*** SUPPLIED MATERIAL

(* Let $G=(I\cup C,E)$ be a split graph whose clique vertices are labelled $1,\dots,k$ so that conditions (i)–(iii) below hold, and let $w$ be the word constructed below. If $a,b\in I$ are distinct, then $a$ and $b$ do not alternate in $w$.
   Context: Words: a word over a finite set $X$ is a finite sequence of elements of $X$; for a word $u$ and $S\subseteq X$, $u|_S$ is the subsequence of $u$ consisting of all occurrences of letters of $S$; $u^R$ is the reversal of $u$. Two letters $x,y$ alternate in $u$ if $u|_{\{x,y\}}$ is of the form $xyxy\cdots$ or $yxyx\cdots$ (of even or odd length); otherwise they do not alternate. For integers $a\le b$, $[a,b]=\{a,a+1,\dots,b\}$. Setting: $G=(I\cup C,E)$ is a split graph: $C$ induces a clique, $I$ induces an independent set, and $C$ is inclusion-wise maximal, i.e. no vertex of $I$ is adjacent to all vertices of $C$. The vertices of $C$ are labelled by $1,\dots,k$ where $k=|C|$, and for all $a,b\in I$: (i) either $N(a)=[1,m]\cup[n,k]$ for some $m<n$, or $N(a)=[l,r]$ for some $l\le r$; (ii) if $N(a)=[1,m]\cup[n,k]$ ($m<n$) and $N(b)=[l,r]$ ($l\le r$), then $l>m$ or $r<n$; (iii) if $N(a)=[1,m]\cup[n,k]$ and $N(b)=[1,m']\cup[n',k]$ ($m<n$, $m'<n'$), then $m'<n$ and $m<n'$. Let $B$ be the set of $a\in I$ whose neighbourhood is an integer interval $[l_a,r_a]$, and $A=I\setminus B$; for $a\in A$ write $N(a)=[1,m_a]\cup[n_a,k]$ with $m_a<n_a$. Construction of $w$: start with $p_1=p_2=p_3=12\cdots k$. Process the vertices of $I$ one at a time in an arbitrary fixed order; "replace $y$ in $p$ by $yx$" (resp. $xy$) means replacing the unique occurrence of the letter $y$ in $p$ by the two letters $yx$ (resp. $xy$). For $a\in A$: replace $m_a$ in $p_1$ by $m_a a$, and replace $n_a$ in $p_2$ by $a n_a$. For $a\in B$: replace $l_a$ in $p_1$ by $a l_a$, and replace $r_a$ in $p_2$ by $r_a a$. After all vertices of $I$ are processed, let $d=\max(\{1\}\cup\{m_a: a\in A\})$ and replace the letter $d$ in $p_3$ by the word $d\,(p_1|_A)^R$. Finally set $w=p_1\,(p_1|_B)^R\,p_2\,p_3$ (a $3$-uniform word over $V$). *)

theory Defs
  imports Main
begin

text \<open>Letters of the word: clique vertex j is Inl j (1 <= j <= k),
  independent vertex a is Inr a.\<close>

definition subword :: "'b set \<Rightarrow> 'b list \<Rightarrow> 'b list" where
  "subword S u = filter (\<lambda>z. z \<in> S) u"
(* Consider the two-layer multi-item order fulfillment problem described in the context with time-invariant variable costs, any $K\ge 1$, and any given fixed costs $f_0\ge0$, $f_1,\dots,f_K>0$. Then every online fulfillment policy $\mathrm{ALG}$ (deterministic or randomized) satisfies \[\mathfrak R_{\mathrm{inv}}(\mathrm{ALG})\ge\frac{f_0+\sum_{k\in[K]}f_k}{\min_{k\in[K]}f_k}.\]
   Context: Problem. $n$ items, $K$ FDCs indexed $k\in[K]$, an RDC indexed $k=0$ with unlimited inventory. FDC $k$ initially holds $I_{k,0}^i\ge0$ units of item $i$, never replenished. In periods $t=1,\dots,T$ an order $\boldsymbol S_t=(S_t^i)_i$ of nonnegative integers arrives; the policy must immediately and irrevocably choose $m_{k,t}^i\ge0$ with $\sum_{k=0}^Km_{k,t}^i=S_t^i$ and $m_{k,t}^i\le I_{k,t-1}^i$ ($k\in[K]$), $I_{k,t}^i=I_{k,0}^i-\sum_{\tau\le t}m_{k,\tau}^i$. Period cost $\sum_{k=0}^K[f_k\mathbb{I}(\sum_im_{k,t}^i>0)+\sum_ic_{k,t}^im_{k,t}^i]$; total cost is the sum. An online policy (possibly randomized) decides in period $t$ using only fixed costs, initial inventories and orders/variable costs up to $t$. $\mathrm{ALG}(I)$: (expected) total cost on instance $I$; $\mathrm{OPT}(I)$: offline optimal total cost. $\mathfrak R_{\mathrm{inv}}(\mathrm{ALG})$ is the supremum of $\mathrm{ALG}(I)/\mathrm{OPT}(I)$ over all $n,T$, initial inventories, nonnegative time-invariant variable costs $c_{k,t}^i=c_k^i$ and order sequences. *)

theory Defs
  imports "HOL-Probability.Probability"
begin

text \<open>Facilities are indexed by k = 0 (the RDC, unlimited inventory) and k = 1..K (the FDCs);
items are indexed by i < n; periods by list positions t < T (position t is period t+1).

An order is a function nat => nat (item => quantity).  A decision for one period is
m :: nat => nat => nat with m k i = quantity of item i shipped from facility k.
Initial inventories I0 k i and variable costs c k i (time invariant).\<close>

type_synonym order = "nat \<Rightarrow> nat"
type_synonym decision = "nat \<Rightarrow> nat \<Rightarrow> nat"

text \<open>A deterministic online policy: in each period it sees the number of items n, the initial
inventories, the (time-invariant) variable costs and the list of orders received so far
(including the current one), and outputs the current period's decision.  The fixed costs
and K are fixed in advance, so the policy may depend on them implicitly.\<close>
type_synonym policy = "nat \<Rightarrow> (nat \<Rightarrow> nat \<Rightarrow> nat) \<Rightarrow> (nat \<Rightarrow> nat \<Rightarrow> real) \<Rightarrow> order list \<Rightarrow> decision"

definition valid_inst :: "nat \<Rightarrow> nat \<Rightarrow> (nat \<Rightarrow> nat \<Rightarrow> nat) \<Rightarrow> (nat \<Rightarrow> nat \<Rightarrow> real) \<Rightarrow> order list \<Rightarrow> bool" where
  "valid_inst K n I0 c S \<longleftrightarrow>
     (\<forall>k i. (k = 0 \<or> K < k \<or> n \<le> i) \<longrightarrow> I0 k i = 0) \<and>
     (\<forall>k i. (K < k \<or> n \<le> i) \<longrightarrow> c k i = 0) \<and>
     (\<forall>k\<le>K. \<forall>i<n. 0 \<le> c k i) \<and>
     (\<forall>s\<in>set S. \<forall>i. n \<le> i \<longrightarrow> s i = 0)"

definition feasible :: "nat \<Rightarrow> nat \<Rightarrow> (nat \<Rightarrow> nat \<Rightarrow> nat) \<Rightarrow> order list \<Rightarrow> (nat \<Rightarrow> decision) \<Rightarrow> bool" where
  "feasible K n I0 S m \<longleftrightarrow>
     (\<forall>t<length S. \<forall>i<n.
        (\<Sum>k\<le>K. m t k i) = (S ! t) i \<and>
        (\<forall>k\<in>{1..K}. (\<Sum>\<tau>\<le>t. m \<tau> k i) \<le> I0 k i))"

definition total_cost :: "nat \<Rightarrow> (nat \<Rightarrow> real) \<Rightarrow> (nat \<Rightarrow> nat \<Rightarrow> real) \<Rightarrow> nat \<Rightarrow> nat \<Rightarrow> (nat \<Rightarrow> decision) \<Rightarrow> real" where
  "total_cost K f c n T m =
     (\<Sum>t<T. \<Sum>k\<le>K. f k * (if (\<Sum>i<n. m t k i) > 0 then 1 else 0)
                     + (\<Sum>i<n. c k i * real (m t k i)))"

definition OPT :: "nat \<Rightarrow> (nat \<Rightarrow> real) \<Rightarrow> nat \<Rightarrow> (nat \<Rightarrow> nat \<Rightarrow> nat) \<Rightarrow> (nat \<Rightarrow> nat \<Rightarrow> real) \<Rightarrow> order list \<Rightarrow> real" where
  "OPT K f n I0 c S = Inf {total_cost K f c n (length S) m | m. feasible K n I0 S m}"

definition run :: "policy \<Rightarrow> nat \<Rightarrow> (nat \<Rightarrow> nat \<Rightarrow> nat) \<Rightarrow> (nat \<Rightarrow> nat \<Rightarrow> real) \<Rightarrow> order list \<Rightarrow> nat \<Rightarrow> decision" where
  "run pol n I0 c S = (\<lambda>t. pol n I0 c (take (Suc t) S))"

definition pol_cost :: "nat \<Rightarrow> (nat \<Rightarrow> real) \<Rightarrow> policy \<Rightarrow> nat \<Rightarrow> (nat \<Rightarrow> nat \<Rightarrow> nat) \<Rightarrow> (nat \<Rightarrow> nat \<Rightarrow> real) \<Rightarrow> order list \<Rightarrow> real" where
  "pol_cost K f pol n I0 c S = total_cost K f c n (length S) (run pol n I0 c S)"

text \<open>Deterministic policies are the case of a one-point space.\<close>
definition randomized_policy :: "nat \<Rightarrow> (nat \<Rightarrow> real) \<Rightarrow> 'w measure \<Rightarrow> ('w \<Rightarrow> policy) \<Rightarrow> bool" where
  "randomized_policy K f M pol \<longleftrightarrow>
     prob_space M \<and>
     (\<forall>\<omega>\<in>space M. \<forall>n I0 c S. valid_inst K n I0 c S \<longrightarrow> feasible K n I0 S (run (pol \<omega>) n I0 c S)) \<and>
     (\<forall>n I0 c S. valid_inst K n I0 c S \<longrightarrow>
        (\<lambda>\<omega>. pol_cost K f (pol \<omega>) n I0 c S) \<in> borel_measurable M)"

definition ALG :: "nat \<Rightarrow> (nat \<Rightarrow> real) \<Rightarrow> 'w measure \<Rightarrow> ('w \<Rightarrow> policy) \<Rightarrow> nat \<Rightarrow> (nat \<Rightarrow> nat \<Rightarrow> nat) \<Rightarrow> (nat \<Rightarrow> nat \<Rightarrow> real) \<Rightarrow> order list \<Rightarrow> real" where
  "ALG K f M pol n I0 c S = (\<integral>\<omega>. pol_cost K f (pol \<omega>) n I0 c S \<partial>M)"

definition ratio :: "real \<Rightarrow> real \<Rightarrow> ereal" where
  "ratio a b = (if b = 0 then (if a = 0 then 0 else \<infinity>) else ereal (a / b))"

definition R_inv :: "nat \<Rightarrow> (nat \<Rightarrow> real) \<Rightarrow> 'w measure \<Rightarrow> ('w \<Rightarrow> policy) \<Rightarrow> ereal" where
  "R_inv K f M pol =
     (SUP x \<in> {(n, I0, c, S). valid_inst K n I0 c S}.
        (case x of (n, I0, c, S) \<Rightarrow> ratio (ALG K f M pol n I0 c S) (OPT K f n I0 c S)))"

end

theory Submission
  imports Defs
begin

(* Yao-type adversary. Fix an FDC ks, a scale L and nslots = L^2. Item 0 is ordered in every
   period and stocked only at ks, so every period costs at least f ks. In each of the first L
   periods a fresh block of items is ordered; an item of group g <> ks is stocked once at ks,
   where it is free, and at its own facility g (the RDC for g = 0), where it costs f g / L.
   Then one block j is ordered again, slot by slot, over nslots periods: an item of block j
   that was taken from ks can now only be served at cost f g. The first L periods look the
   same for all j, so averaging over j shows that every randomized policy pays
   L f ks + L^2 (f 0 + ... + f K) in expectation on some instance, whereas knowing j one serves
   block j from the facilities g and everything else from ks for (L + L^2) f ks + O(L).
   Let L grow and take ks cheapest. *)

lemma feasible_demand:
  assumes "feasible K n I0 S m" "t < length S" "i < n"
  shows "(\<Sum>k\<le>K. m t k i) = (S ! t) i"
  using assms by (simp add: feasible_def)

lemma feasible_cumulative_le_stock:
  assumes "feasible K n I0 S m" "t < length S" "i < n" "k \<in> {1..K}"
  shows "(\<Sum>\<tau>\<le>t. m \<tau> k i) \<le> I0 k i"
  using assms by (simp add: feasible_def)

lemma feasible_le_stock:
  assumes "feasible K n I0 S m" "t < length S" "i < n" "k \<in> {1..K}"
  shows "m t k i \<le> I0 k i"
proof -
  have "m t k i \<le> (\<Sum>\<tau>\<le>t. m \<tau> k i)" by (rule member_le_sum) auto
  also have "\<dots> \<le> I0 k i" by (rule feasible_cumulative_le_stock[OF assms])
  finally show ?thesis .
qed

lemma feasible_le_demand:
  assumes "feasible K n I0 S m" "t < length S" "i < n" "k \<le> K"
  shows "m t k i \<le> (S ! t) i"
proof -
  have "m t k i \<le> (\<Sum>k\<le>K. m t k i)" using assms(4) by (intro member_le_sum) auto
  then show ?thesis using feasible_demand[OF assms(1-3)] by simp
qed

definition used :: "nat \<Rightarrow> decision \<Rightarrow> nat \<Rightarrow> bool" where
  "used n d k \<longleftrightarrow> 0 < (\<Sum>i<n. d k i)"

definition item_cost :: "nat \<Rightarrow> (nat \<Rightarrow> nat \<Rightarrow> real) \<Rightarrow> decision \<Rightarrow> nat \<Rightarrow> real" where
  "item_cost K c d i = (\<Sum>k\<le>K. c k i * real (d k i))"

definition period_cost ::
    "nat \<Rightarrow> (nat \<Rightarrow> real) \<Rightarrow> (nat \<Rightarrow> nat \<Rightarrow> real) \<Rightarrow> nat \<Rightarrow> decision \<Rightarrow> real" where
  "period_cost K f c n d =
     (\<Sum>k\<le>K. if used n d k then f k else 0) + (\<Sum>i<n. item_cost K c d i)"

******

INSTRUCTIONS TO FOLLOW: With the entries above as the source, set down exactly the lines from the one holding "real) \<Rightarrow> decision" through the last line, both ends included.

COMPLETED TASK:
definition item_cost :: "nat \<Rightarrow> (nat \<Rightarrow> nat \<Rightarrow> real) \<Rightarrow> decision \<Rightarrow> nat \<Rightarrow> real" where
  "item_cost K c d i = (\<Sum>k\<le>K. c k i * real (d k i))"

definition period_cost ::
    "nat \<Rightarrow> (nat \<Rightarrow> real) \<Rightarrow> (nat \<Rightarrow> nat \<Rightarrow> real) \<Rightarrow> nat \<Rightarrow> decision \<Rightarrow> real" where
  "period_cost K f c n d =
     (\<Sum>k\<le>K. if used n d k then f k else 0) + (\<Sum>i<n. item_cost K c d i)"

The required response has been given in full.